Ella sabía perfectamente dónde encontrarlo. El café atendido por aquella pareja de ancianos parecía hechizarlo, aunque nunca supo exactamente por qué; quizá tenía algo que ver el aroma de los granos de café amargo recién molidos inundando el lugar, quizá el amor inmenso con que se miraban, quizá las miles de delicias que su paladar pudo saborear en todos esos años de visitarlos tarde a tarde.
Sin embargo, él también sabía dónde hallarla a ella. Aquellos bancos a orillas del Sena, donde si se cerraban los ojos se podía escuchar el tintineo de las cadenas sosteniendo a las barcas que se mecían suavemente en el río. Si se respiraba profundamente podía también sentirse el olor de las lavandas que a esa altura del año florecían de manera increíble. De todas formas, él sabía que ella siempre elegiría alguna novela romántica para acompañarla en ese rato; alguna que probablemente nunca terminaría ya que cuando pasaba algo malo se ponía verdaderamente triste.

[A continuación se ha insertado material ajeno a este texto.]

text \<open>Multiplying by \<open>-a\<^sup>-\<^sup>2\<close> maps the alphabet of \<open>a\<close> onto that of \<open>-a\<^sup>-\<^sup>1\<close>, whose
  real part is \<open>-Re a\<close>.\<close>
lemma alphabet_reflect:
  assumes "norm a = 1" "z \<in> {1, a, - (a^2)}"
  shows "- ((cnj a)^2) * z \<in> {1, - cnj a, - ((- cnj a)^2)}"
proof -
  have "cnj a * a = 1"
    using assms(1) by (simp add: complex_norm_square[symmetric] mult.commute)
  then have "- ((cnj a)^2) * a = - cnj a" "- ((cnj a)^2) * - (a^2) = 1"
    by (simp_all add: power2_eq_square algebra_simps)
  with assms(2) show ?thesis by auto
qed

definition code_count :: "nat \<Rightarrow> (nat \<Rightarrow> nat) \<Rightarrow> nat \<Rightarrow> nat" where
  "code_count n x e = (\<Sum>i<n. of_bool (x i = e))"

definition pair_count :: "nat \<Rightarrow> (nat \<Rightarrow> nat) \<Rightarrow> (nat \<Rightarrow> nat) \<Rightarrow> nat \<Rightarrow> nat \<Rightarrow> nat" where
  "pair_count n x y e f = (\<Sum>k<n. of_bool (x k = e \<and> y k = f \<or> x k = f \<and> y k = e))"

lemma code_count_total:
  assumes "\<And>i. i < n \<Longrightarrow> x i < 3"
  shows "code_count n x 0 + code_count n x 1 + code_count n x 2 = n"
proof -
  have "of_bool (x i = 0) + of_bool (x i = 1) + of_bool (x i = 2) = (1::nat)" if "i < n" for i
    using assms[OF that] by (auto simp: less_Suc_eq numeral_3_eq_3)
  then have "(\<Sum>i<n. of_bool (x i = 0) + of_bool (x i = 1) + of_bool (x i = (2::nat))) = (\<Sum>i<n. 1::nat)"
    by (intro sum.cong) auto
  then show ?thesis by (simp add: code_count_def sum.distrib)
qed

lemma pair_count_total_le:
  "pair_count n x y 0 1 + pair_count n x y 1 2 + pair_count n x y 0 2 \<le> n"
proof -
  have "(\<Sum>k<n. of_bool (x k = 0 \<and> y k = 1 \<or> x k = 1 \<and> y k = 0)
      + of_bool (x k = 1 \<and> y k = 2 \<or> x k = 2 \<and> y k = 1)
      + of_bool (x k = 0 \<and> y k = 2 \<or> x k = 2 \<and> y k = 0)) \<le> (\<Sum>k<n. 1::nat)"
    by (intro sum_mono) auto
  then show ?thesis by (simp add: pair_count_def sum.distrib)
qed

lemma sum_symbol:
  assumes "\<And>i. i < n \<Longrightarrow> x i < 3"
  shows "(\<Sum>i<n. symbol a (x i))
    = of_nat (code_count n x 0) + of_nat (code_count n x 1) * a - of_nat (code_count n x 2) * a^2"
proof -
  have "symbol a (x i) = of_bool (x i = 0) + of_bool (x i = 1) * a - of_bool (x i = 2) * a^2"
    if "i < n" for i
    using assms[OF that] by (auto simp: symbol_def less_Suc_eq numeral_3_eq_3)
  then have "(\<Sum>i<n. symbol a (x i))
      = (\<Sum>i<n. of_bool (x i = 0) + of_bool (x i = 1) * a - of_bool (x i = 2) * a^2)"
    by (intro sum.cong) auto
  then show ?thesis
    by (simp add: code_count_def sum.distrib sum_subtractf sum_distrib_right)
qed

lemma Re_symbol_mult_cnj:
  assumes "norm a = 1" "x < 3" "y < 3"
  shows "Re (symbol a x * cnj (symbol a y)) = 1 -
    ((1 - Re a) * of_bool (x = 0 \<and> y = 1 \<or> x = 1 \<and> y = 0)
   + (1 + Re a) * of_bool (x = 1 \<and> y = 2 \<or> x = 2 \<and> y = 1)
   + 2 * (Re a)^2 * of_bool (x = 0 \<and> y = 2 \<or> x = 2 \<and> y = 0))"
proof -
  have "(Re a)^2 + (Im a)^2 = 1"
    using assms(1) by (simp add: cmod_power2[symmetric])
  then have "Im a * Im a = 1 - Re a * Re a"
    by (simp add: power2_eq_square)
  then have Im_sq: "Im a * (Im a * w) = (1 - Re a * Re a) * w" for w
    by (simp add: mult.assoc[symmetric])
  from assms(2,3) have "x \<in> {0, 1, 2}" "y \<in> {0, 1, 2}" by auto
  then show ?thesis
    using Im_sq[of 1] by (auto simp: symbol_def power2_eq_square algebra_simps Im_sq)
qed

lemma Re_sum_symbol_mult_cnj:
  assumes "norm a = 1" "\<And>k. k < n \<Longrightarrow> x k < 3 \<and> y k < 3"
  shows "Re (\<Sum>k<n. symbol a (x k) * cnj (symbol a (y k))) = n -
    ((1 - Re a) * pair_count n x y 0 1 + (1 + Re a) * pair_count n x y 1 2
   + 2 * (Re a)^2 * pair_count n x y 0 2)"
proof -
  have "Re (\<Sum>k<n. symbol a (x k) * cnj (symbol a (y k)))
      = (\<Sum>k<n. 1 - ((1 - Re a) * of_bool (x k = 0 \<and> y k = 1 \<or> x k = 1 \<and> y k = 0)
          + (1 + Re a) * of_bool (x k = 1 \<and> y k = 2 \<or> x k = 2 \<and> y k = 1)
          + 2 * (Re a)^2 * of_bool (x k = 0 \<and> y k = 2 \<or> x k = 2 \<and> y k = 0)))"
    unfolding Re_sum using assms by (intro sum.cong refl Re_symbol_mult_cnj) auto
  then show ?thesis
    by (simp add: pair_count_def sum_subtractf sum.distrib sum_distrib_left of_nat_sum
        del: of_bool_or_iff Re_sum)
qed
definition gg_cdf :: "real \<Rightarrow> real \<Rightarrow> real \<Rightarrow> real \<Rightarrow> real" where
  "gg_cdf a b \<alpha> u = integral {0..u} (gg_pdf a b \<alpha>)"

end

theory Submission
  imports Defs
begin

text \<open>Write e g u = u g'(u) / g(u) for the elasticity of g. Let K_k(x) be the integral defining
  K_\<nu>(x) with an extra factor cosh^k t in the integrand, so that K_0 = K_\<nu> and K_k' = - K_(k+1), and
  let S(x) be the same integral with cosh (\<nu> t) replaced by sinh t sinh (\<nu> t). Integration by parts
  gives x S = \<nu> K_0 and x K_2 = x K_0 + K_1 + \<nu> S, hence (e K_\<nu>)'(x) = x (K_0^2 + S^2 - K_1^2) / K_0^2.
  This is negative: integrating the pointwise Cauchy-Schwarz bound
  A cosh (\<nu> t) + B sinh t sinh (\<nu> t) < sqrt (A^2 + B^2) cosh t cosh (\<nu> t)  (t \<noteq> 0)
  with A = K_0 and B = S gives K_1 > sqrt (K_0^2 + S^2).

  Since f u = c u^((a + b)/2 - 1) K_(a-b) (2 sqrt (a b u / \<alpha>)), the elasticity of f is
  (a + b)/2 - 1 + (e K_(a-b)) (2 sqrt (a b u / \<alpha>)) / 2, which gives (b); (a) follows from
  (e f~) u = 2 (e f) (\<alpha> u^2 / (4 a b)). For (c), H t = t f t - (1 + (e f) u) F t vanishes at 0 and
  has derivative f t ((e f) t - (e f) u) > 0 on (0, u), so u f u > (1 + (e f) u) F u, which is the sign
  of the derivative of e F = (\<lambda>u. u f u / F u) at u. Finally F'/F = (e F) u / u with e F > 0, so (d)
  follows from (c).\<close>

section \<open>Exponential decay on \<open>[0, \<infinity>)\<close>\<close>

lemma powr_le_exp:
  fixes m z :: real
  assumes "m > 0" "z \<ge> 0"
  shows "z powr m \<le> m powr m * exp z"
proof -
  have "z / m \<le> exp (z / m)"
    using exp_ge_add_one_self[of "z / m"] by linarith
  then have "(z / m) powr m \<le> exp (z / m) powr m"
    using assms by (intro powr_mono2) auto
  also have "exp (z / m) powr m = exp z"
    using assms by (simp add: powr_def)
  finally show ?thesis
    using assms by (simp add: powr_divide divide_simps mult.commute)
qed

A pesar de todo, y quién sabe cómo, tenían una conexión tan grande que ambos podían sentir que el otro los buscaba. Y en ese mismo momento huían lo más lejos posible: la gracia era durar lo más posible sin ser descubiertos. Se perseguían por las ferias de las calles empedradas, escondiéndose entre la gente, ocultándose atrás de los cuadros en venta y los sombreros anchos de las señoras. Se veían, pero el contacto visual no podía durar ya que perdería sentido el juego. De forma sutil pero sumamente divertida pasaban horas enteras dando vueltas por la ciudad, tomando taxis y volando en bicicletas.
Al fin, siempre el perseguidor acababa sorprendiendo por la espalda al perseguido, nunca sin un regalo especial con el cual premiarlo por su buen desempeño.
Así pasaban los años como si fueran segundos, mientras la bella Rue de París era cómplice de uno de los tantos amores que se escondían diariamente
de la rutina...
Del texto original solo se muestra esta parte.